Наверно, труднее всего совершить изначальный, инициирующий прорыв той пелены, что спасает людей друг от друга. Затем она делается податливее. И Александра безошибочно избрала для прорыва свое страдание и мое сострадание.

Потом пошло легче, а потом – и совсем само собой.

Она устало уронила руки и откинулась без сил. Глаза её закрылись. Вот такой дар, прошелестела она едва слышно. Мне он достался сам собой, не знаю, почему и как. Но я не могла допустить, чтобы вместе со мной он пропал.

И замолчала.

А я уже все чувствовал, она могла бы не говорить.

И поцеловал её легкую и сухую, будто птичью, сморщенную руку.

Потом я почувствовал: она уже хочет быть одна. Все сделано, все кончилось, и человеческие привязанности остались там, где остается жизнь. Но она молчала, а я ещё не привык вот так, без слов. Вы устали, нелепо пролепетал я. Я, наверное, уже пойду теперь, а завтра обязательно снова… проведать…

И почувствовал: она благодарна мне за то, что я понял. А ещё почувствовал, что она чувствует про завтра.

Ничего.

Я действительно прибежал назавтра, даже раньше обычного. Но смог лишь удостовериться – другого слова не подберешь, ведь я чувствовал это, только ещё не научился доверять своим откровениям – что она умерла ночью.

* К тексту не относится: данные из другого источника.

(* Let $r>1$ and integers $N\ge1$, $K>2$, and let $L(r,K,N)$ and $U(r,K,N)$ denote respectively $\frac{\gamma_1^*(r,K,N)}{\frac{r^N-(r-1)^N}{r^{N-1}}+\gamma_1^*(r,K,N)}$ and $\frac{\gamma_2^*(r,K,N)}{\frac{r^N-(r-1)^N}{r^{N-1}}+\gamma_2^*(r,K,N)}$, where $\gamma_1^*(r,K,N)=N\sum_{i=N}^\infty\frac1i(1-\frac1r)^i(1-\frac1{K-1})^i$ and $\gamma_2^*(r,K,N)=N\sum_{i=N}^\infty\frac1i(1-\frac1r)^i$. Then: (i) for fixed $r,N$, $U(r,K,N)-L(r,K,N)\to0$ as $K\to\infty$; (ii) for fixed $r,K$, $\lim_{N\to\infty}\eta(r,K,N)=0$; (iii) $\lim_{r\to\infty}\left(\lim_{K\to\infty}\eta(r,K,N)\right)=1$; (iv) for fixed $r,K$, $\eta(r,K,N)=O\big((1-1/r)^N\big)$ as $N\to\infty$.
   Context: Single item auction with $N$ buyers whose values are i.i.d., each taking values $0<x^1<\dots<x^K$ with probabilities $p^i>0$, $\sum_ip^i=1$. Let $z^i=(\sum_{j=1}^ip^j)^N-(\sum_{j=1}^{i-1}p^j)^N$ and reserve index $t(x,p)=\max\{i: i\in\arg\max_{1\le k\le K}x^k\sum_{j=k}^Kp^j\}$. The efficiency loss ratio of the welfare-maximizing revenue-optimal auction is $\mathrm{ELR}_N(x,p)=\sum_{i=1}^{t(x,p)-1}z^ix^i/\sum_{i=1}^Kz^ix^i$. $\eta(r,K,N)$ is the supremum of $\mathrm{ELR}_N(x,p)$ over all such $p$ and all $x$ with $0<x^1<\dots<x^K\le rx^1$. *)

theory Defs
  imports "HOL-Analysis.Analysis" "HOL-Library.Landau_Symbols"
begin

text \<open>Values x 1 < ... < x K and probabilities p 1, ..., p K are functions on nat,
  only their restriction to {1..K} is relevant.\<close>

definition zz :: "nat \<Rightarrow> (nat \<Rightarrow> real) \<Rightarrow> nat \<Rightarrow> real" where
  "zz N p i = (\<Sum>j=1..i. p j) ^ N - (\<Sum>j=1..i-1. p j) ^ N"

definition reserve_idx :: "nat \<Rightarrow> (nat \<Rightarrow> real) \<Rightarrow> (nat \<Rightarrow> real) \<Rightarrow> nat" where
  "reserve_idx K x p = Max {i \<in> {1..K}. \<forall>k\<in>{1..K}.
      x k * (\<Sum>j=k..K. p j) \<le> x i * (\<Sum>j=i..K. p j)}"

definition ELR :: "nat \<Rightarrow> nat \<Rightarrow> (nat \<Rightarrow> real) \<Rightarrow> (nat \<Rightarrow> real) \<Rightarrow> real" where
  "ELR N K x p = (\<Sum>i=1..reserve_idx K x p - 1. zz N p i * x i) / (\<Sum>i=1..K. zz N p i * x i)"

definition admissible :: "real \<Rightarrow> nat \<Rightarrow> (nat \<Rightarrow> real) \<Rightarrow> (nat \<Rightarrow> real) \<Rightarrow> bool" where
  "admissible r K x p \<longleftrightarrow>
     (\<forall>i\<in>{1..K}. p i > 0) \<and> (\<Sum>i=1..K. p i) = 1 \<and>
     0 < x 1 \<and> (\<forall>i\<in>{1..K}. \<forall>j\<in>{1..K}. i < j \<longrightarrow> x i < x j) \<and> x K \<le> r * x 1"

definition eta :: "real \<Rightarrow> nat \<Rightarrow> nat \<Rightarrow> real" where
  "eta r K N = Sup {ELR N K x p | x p. admissible r K x p}"

definition gamma1 :: "real \<Rightarrow> nat \<Rightarrow> nat \<Rightarrow> real" where
  "gamma1 r K N = real N * (\<Sum>i. if i \<ge> N then (1 / real i) * (1 - 1/r) ^ i * (1 - 1 / (real K - 1)) ^ i else 0)"

definition gamma2 :: "real \<Rightarrow> nat \<Rightarrow> nat \<Rightarrow> real" where
  "gamma2 r K N = real N * (\<Sum>i. if i \<ge> N then (1 / real i) * (1 - 1/r) ^ i else 0)"

definition LB :: "real \<Rightarrow> nat \<Rightarrow> nat \<Rightarrow> real" where
  "LB r K N = gamma1 r K N / ((r ^ N - (r - 1) ^ N) / r ^ (N - 1) + gamma1 r K N)"

definition UB :: "real \<Rightarrow> nat \<Rightarrow> nat \<Rightarrow> real" where
  "UB r K N = gamma2 r K N / ((r ^ N - (r - 1) ^ N) / r ^ (N - 1) + gamma2 r K N)"

end

theory Submission
  imports Defs "HOL-Real_Asymp.Real_Asymp"
begin

text \<open>The reserve's revenue is at least that of the lowest value x_1, which sells with certainty,
  and all values lie within a factor r; hence the reserve excludes probability mass at most
  1 - 1/r, the lost welfare is at most x_K (1 - 1/r)^N \<le> r x_1 (1 - 1/r)^N, and the total
  welfare is at least x_1. This gives eta \<le> r (1 - 1/r)^N, i.e. (ii) and (iv).
  For (iii), eta is nondecreasing in K and bounded by 1, so it converges as K \<rightarrow> \<infinity>; the
  equal-revenue instance, admissible once r \<ge> 2^(K-1), has efficiency loss ratio at least
  1 - N 2^N / (K - 2), which forces the limit to 1 as r \<rightarrow> \<infinity>.
  For (i), Bernoulli's inequality bounds gamma_2 - gamma_1 by N r / (K - 1), and g \<mapsto> g / (D + g)
  is 1/D-Lipschitz on g \<ge> 0.\<close>

section \<open>Welfare and revenue of admissible instances\<close>

definition cdf :: "(nat \<Rightarrow> real) \<Rightarrow> nat \<Rightarrow> real" where
  "cdf p i = (\<Sum>j=1..i. p j)"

На похороны мы пошли все втроем, там мама впервые, уже в гробу, увидела ту, которой, по словам па Симагина, они были так обязаны. Но я уже не был в полном недоумении; я уже что-то чувствовал от па – некую смутную, подспудную благодарность за то, что, если бы не Александра, они с мамой не помирились бы год назад. Почему так произошло? Я не мог уловить. Но и этого было достаточно, чтобы… чтобы… Чтобы помнить её всю жизнь, даже если бы не было ЭТОГО дара. Был другой дар – семья, а все остальное – производные от него. Я долго прижимался губами к её восковому лбу, а окружающие, я чувствовал, недоумевали, кто я такой и чего ради этак выкаблучиваюсь – внебрачный сын, что ли?

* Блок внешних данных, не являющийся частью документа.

(* For every $k\ge 2$, the odd graph $O_k$ has no quantum symmetry, i.e. $C(G_{aut}^+(O_k))$ is commutative.
   Context: The odd graph $O_k$ ($k\ge2$) has as vertices the $(k-1)$-element subsets of $\{1,\dots,2k-1\}$, two vertices being adjacent iff the subsets are disjoint. For a finite simple undirected graph $\Gamma=(V,E)$ with $V=\{1,\dots,n\}$, $C(G_{aut}^+(\Gamma))$ is the universal unital $C^*$-algebra generated by $u_{ij}$, $1\le i,j\le n$, with relations: (R1) $u_{ij}=u_{ij}^*=u_{ij}^2$; (R2) $\sum_{l} u_{il}=1=\sum_{l} u_{li}$ for all $i$; (R3) $u_{ij}u_{kl}=u_{kl}u_{ij}=0$ whenever exactly one of $(i,k)\in E$, $(j,l)\in E$ holds. $\Gamma$ has no quantum symmetry if $C(G_{aut}^+(\Gamma))$ is commutative (equivalently $G_{aut}^+(\Gamma)=\mathrm{Aut}(\Gamma)$). *)

theory Defs
  imports Complex_Main
begin

locale cstar_algebra =
  fixes smult :: "complex \<Rightarrow> 'a::ring_1 \<Rightarrow> 'a"
    and star :: "'a \<Rightarrow> 'a"
    and nrm :: "'a \<Rightarrow> real"
  assumes smult_add_right: "smult c (x + y) = smult c x + smult c y"
    and smult_add_left: "smult (c + d) x = smult c x + smult d x"
    and smult_smult: "smult c (smult d x) = smult (c * d) x"
    and smult_one: "smult 1 x = x"
    and smult_mult_left: "smult c (x * y) = smult c x * y"
    and smult_mult_right: "smult c (x * y) = x * smult c y"
    and nrm_eq_zero: "nrm x = 0 \<longleftrightarrow> x = 0"
    and nrm_nonneg: "0 \<le> nrm x"
    and nrm_triangle: "nrm (x + y) \<le> nrm x + nrm y"
    and nrm_smult: "nrm (smult c x) = cmod c * nrm x"
    and nrm_mult: "nrm (x * y) \<le> nrm x * nrm y"
    and complete: "\<And>X. (\<forall>e>0. \<exists>N. \<forall>m\<ge>N. \<forall>n\<ge>N. nrm (X m - X n) < e)
                     \<Longrightarrow> (\<exists>L. (\<lambda>n. nrm (X n - L)) \<longlonglongrightarrow> 0)"
    and star_add: "star (x + y) = star x + star y"
    and star_smult: "star (smult c x) = smult (cnj c) (star x)"
    and star_mult: "star (x * y) = star y * star x"
    and star_star: "star (star x) = x"
    and cstar_identity: "nrm (star x * x) = nrm x ^ 2"

text \<open>A family (u i j) for i, j in V satisfying the defining relations (R1)-(R3) of
C(G_aut^+(Gamma)) for the graph Gamma = (V, E).\<close>

definition graph_magic_unitary ::
  "('a::ring_1 \<Rightarrow> 'a) \<Rightarrow> 'v set \<Rightarrow> ('v \<Rightarrow> 'v \<Rightarrow> bool) \<Rightarrow> ('v \<Rightarrow> 'v \<Rightarrow> 'a) \<Rightarrow> bool" where
  "graph_magic_unitary star V E u \<longleftrightarrow>
     (\<forall>i\<in>V. \<forall>j\<in>V. u i j = star (u i j) \<and> u i j = u i j * u i j) \<and>
     (\<forall>i\<in>V. (\<Sum>l\<in>V. u i l) = 1 \<and> (\<Sum>l\<in>V. u l i) = 1) \<and>
     (\<forall>i\<in>V. \<forall>j\<in>V. \<forall>k\<in>V. \<forall>l\<in>V. (E i k \<noteq> E j l) \<longrightarrow>
        u i j * u k l = 0 \<and> u k l * u i j = 0)"

definition odd_graph_vertices :: "nat \<Rightarrow> nat set set" where
  "odd_graph_vertices k = {A. A \<subseteq> {1..2*k-1} \<and> card A = k - 1}"

definition odd_graph_adj :: "nat set \<Rightarrow> nat set \<Rightarrow> bool" where
  "odd_graph_adj A B \<longleftrightarrow> A \<inter> B = {}"

end

theory Submission
  imports Defs
begin

text \<open>
  For a vertex X and a point y, point_proj X y is the
  projection ``X is sent to a vertex containing y''. An edge X Y of O_k misses exactly one point,
  its label, and (1 - point_proj X y) (1 - point_proj Y y) is the projection ``the edge X Y is
  sent to an edge labelled y''. Entries in adjacent rows of u commute, because two orthogonal
  families of projections whose products sum to the same projection commute termwise; hence
  these edge projections are projections, and exchanging one point at a time shows that they
  depend only on the label z of the edge. This gives a (2k-1) x (2k-1) matrix label_proj z y of
  projections with point_proj X y the sum of label_proj x y over x in X, whose entries commute by
  a count over (k-1)-subsets of the points. Finally u X B is the product of the commuting
  projections point_proj X y over y in B.
\<close>

lemma sum_eq_single:
  fixes f :: "'b \<Rightarrow> 'a::comm_monoid_add"
  assumes "finite S" "b \<in> S" "\<And>b'. b' \<in> S \<Longrightarrow> b' \<noteq> b \<Longrightarrow> f b' = 0"
  shows "sum f S = f b"
  using sum.mono_neutral_right[of S "{b}" f] assms by auto

lemma of_nat_mult_eq_zero_if_subset_sums_eq_zero:
  fixes f :: "'b \<Rightarrow> 'a::ring_1"
  assumes T: "finite T" "c \<in> T" "j < card T"
    and sums: "\<And>S. S \<subseteq> T \<Longrightarrow> card S = j \<Longrightarrow> sum f S = 0"
  shows "of_nat j * f c = 0"
proof (cases j)
  case (Suc i)
  have const: "f c' = f c" if c': "c' \<in> T" for c'
  proof -
    have "i \<le> card (T - {c, c'})"
      using T c' Suc by (auto simp: card_Diff_subset card_insert_if)
    then obtain S where S: "S \<subseteq> T - {c, c'}" "card S = i"
      by (rule obtain_subset_with_card_n)
    have S': "finite S" "c \<notin> S" "c' \<notin> S" "insert c S \<subseteq> T" "insert c' S \<subseteq> T"
      using S(1) T(1,2) c' finite_subset by auto
    have "f c + sum f S = 0" "f c' + sum f S = 0"
      using sums[of "insert c S"] sums[of "insert c' S"] S' S(2) Suc by auto
    thus ?thesis by (metis add_right_cancel)
  qed
  have "i \<le> card (T - {c})" using T Suc by simp
  then obtain S where S: "S \<subseteq> T - {c}" "card S = i"
    by (rule obtain_subset_with_card_n)
  have "finite S" using S(1) T(1) finite_subset by blast
  have "sum f S = (\<Sum>_\<in>S. f c)" using const S(1) by (intro sum.cong) auto
  hence "sum f (insert c S) = f c + of_nat i * f c"
    using S \<open>finite S\<close> by (subst sum.insert) auto
  moreover have "insert c S \<subseteq> T" "card (insert c S) = j"
    using S T(2) \<open>finite S\<close> Suc by (auto simp: card_insert_if)
  ultimately show ?thesis using sums Suc by (simp add: distrib_right)
qed simp

lemma mult_sum_orthogonal:
  fixes e t :: "'b \<Rightarrow> 'a::semiring_0"
  assumes "finite S" "b \<in> S" "e b * e b = e b" "\<And>b'. b' \<in> S \<Longrightarrow> b' \<noteq> b \<Longrightarrow> e b * e b' = 0"
  shows "e b * (\<Sum>b'\<in>S. e b' * t b') = e b * t b"
proof -
  have "e b * (\<Sum>b'\<in>S. e b' * t b') = (\<Sum>b'\<in>S. e b * e b' * t b')"
    by (simp add: sum_distrib_left mult.assoc)
  also have "\<dots> = e b * e b * t b" using assms by (intro sum_eq_single) auto
  finally show ?thesis using assms(3) by simp
qed

section \<open>Projections in a C*-algebra\<close>

context cstar_algebra
begin

lemma star_zero [simp]: "star 0 = 0"
  using star_add[of 0 0] by simp

lemma star_one [simp]: "star 1 = 1"
  using star_mult[of "star 1" 1] by (simp add: star_star)

lemma star_uminus [simp]: "star (- x) = - star x"
  using star_add[of x "- x"] minus_unique[of "star x" "star (- x)"] by simp

lemma star_diff [simp]: "star (x - y) = star x - star y"
  using star_add[of x "- y"] by simp

lemma star_sum: "star (sum f A) = (\<Sum>i\<in>A. star (f i))"
  by (induction A rule: infinite_finite_induct) (auto simp: star_add)

lemma star_mult_self_eq_zero:
  assumes "star x * x = 0" shows "x = 0"
proof -
  have "nrm x ^ 2 = 0" using assms cstar_identity[of x] nrm_eq_zero[of 0] by simp
  thus ?thesis using nrm_eq_zero by simp
qed

lemma smult_of_nat: "smult (of_nat n) x = of_nat n * x"
proof (induction n)
  case 0
  show ?case using smult_add_left[of 0 0 x] by simp
next
  case (Suc n)
  thus ?case using smult_add_left[of 1 "of_nat n" x] by (simp add: smult_one algebra_simps)
qed

lemma of_nat_mult_eq_zero:
  fixes x :: 'a
  assumes "of_nat n * x = 0" "0 < n"
  shows "x = 0"
proof -
  have "x = smult (1 / of_nat n) (smult (of_nat n) x)"
    using assms(2) by (simp add: smult_smult smult_one)
  also have "\<dots> = smult (1 / of_nat n) 0" using assms(1) by (simp add: smult_of_nat)
  also have "\<dots> = 0" using smult_add_right[of _ 0 0] by simp
  finally show ?thesis .
qed

definition is_proj :: "'a \<Rightarrow> bool" where
  "is_proj p \<longleftrightarrow> star p = p \<and> p * p = p"

lemma selfadjoint_commute_if_absorb:
  assumes "star p = p" "star q = q" "p * q * p = p * q"
  shows "p * q = q * p"
proof -
  have "star (p * q * p) = p * q * p" using assms(1,2) by (simp add: star_mult mult.assoc)
  hence "star (p * q) = p * q" using assms(3) by simp
  thus ?thesis using assms(1,2) by (simp add: star_mult)
qed

lemma selfadjoint_idem_if_cube_eq_square:
  assumes "star y = y" "y * (y * y) = y * y"
  shows "y * y = y"
proof -
  define d where "d = y - y * y"
  have "star d = d" using assms(1) by (simp add: d_def star_mult)
  moreover have "d * d = 0"
    using assms(2) by (simp add: d_def algebra_simps)
  ultimately have "star d * d = 0" by simp
  hence "d = 0" by (rule star_mult_self_eq_zero)
  thus ?thesis by (simp add: d_def)
qed

lemma proj_commute_if_compression_idem:
  assumes r: "is_proj r" and s: "is_proj s" and idem: "s * r * s * (s * r * s) = s * r * s"
  shows "r * s = s * r"
proof -
  define x where "x = r * s - s * r * s"
  have rs: "star r = r" "r * r = r" "star s = s" "s * s = s" using r s by (auto simp: is_proj_def)
  have absorb: "r * (r * z) = r * z" "s * (s * z) = s * z" for z
    using rs by (simp_all add: mult.assoc[symmetric])
  have "star x * x = s * r * s - s * r * s * (s * r * s)"
    by (simp add: x_def star_mult rs absorb mult.assoc left_diff_distrib right_diff_distrib)
  hence "star x * x = 0" by (simp only: idem diff_self)
  hence "x = 0" by (rule star_mult_self_eq_zero)
  hence rs_eq: "r * s = s * r * s" by (simp add: x_def)
  have "s * r = star (r * s)" by (simp add: star_mult rs)
  also have "\<dots> = s * r * s" unfolding rs_eq by (simp add: star_mult rs mult.assoc)
  finally show ?thesis using rs_eq by (metis trans sym)
qed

Худощавый камергер шепнул, что этот молодой офицер её побочный сын, на что англичанин отвечал холодно: О?

М-да.

На похоронах я увиделся с её сыном. Действительно толстолобик. Как это так получается? У неё – такой… Загадочно. Он был очень встревожен тем, что я увиваюсь вокруг; он, оказывается, знал, что я у неё бываю, и сильно подозревал, что я либо хочу спереть что-то, либо за комнатой охочусь. На какое-то мгновение мы встретились взглядами, и я почувствовал, что вот в эту самую секунду он решается решительно пойти ко мне и заявить, что я напрасно трачу время, все документы на жилплощадь у него прекрасно и однозначно оформлены. Я повернулся спиной.

Но это было через три дня – а в тот первый вечер…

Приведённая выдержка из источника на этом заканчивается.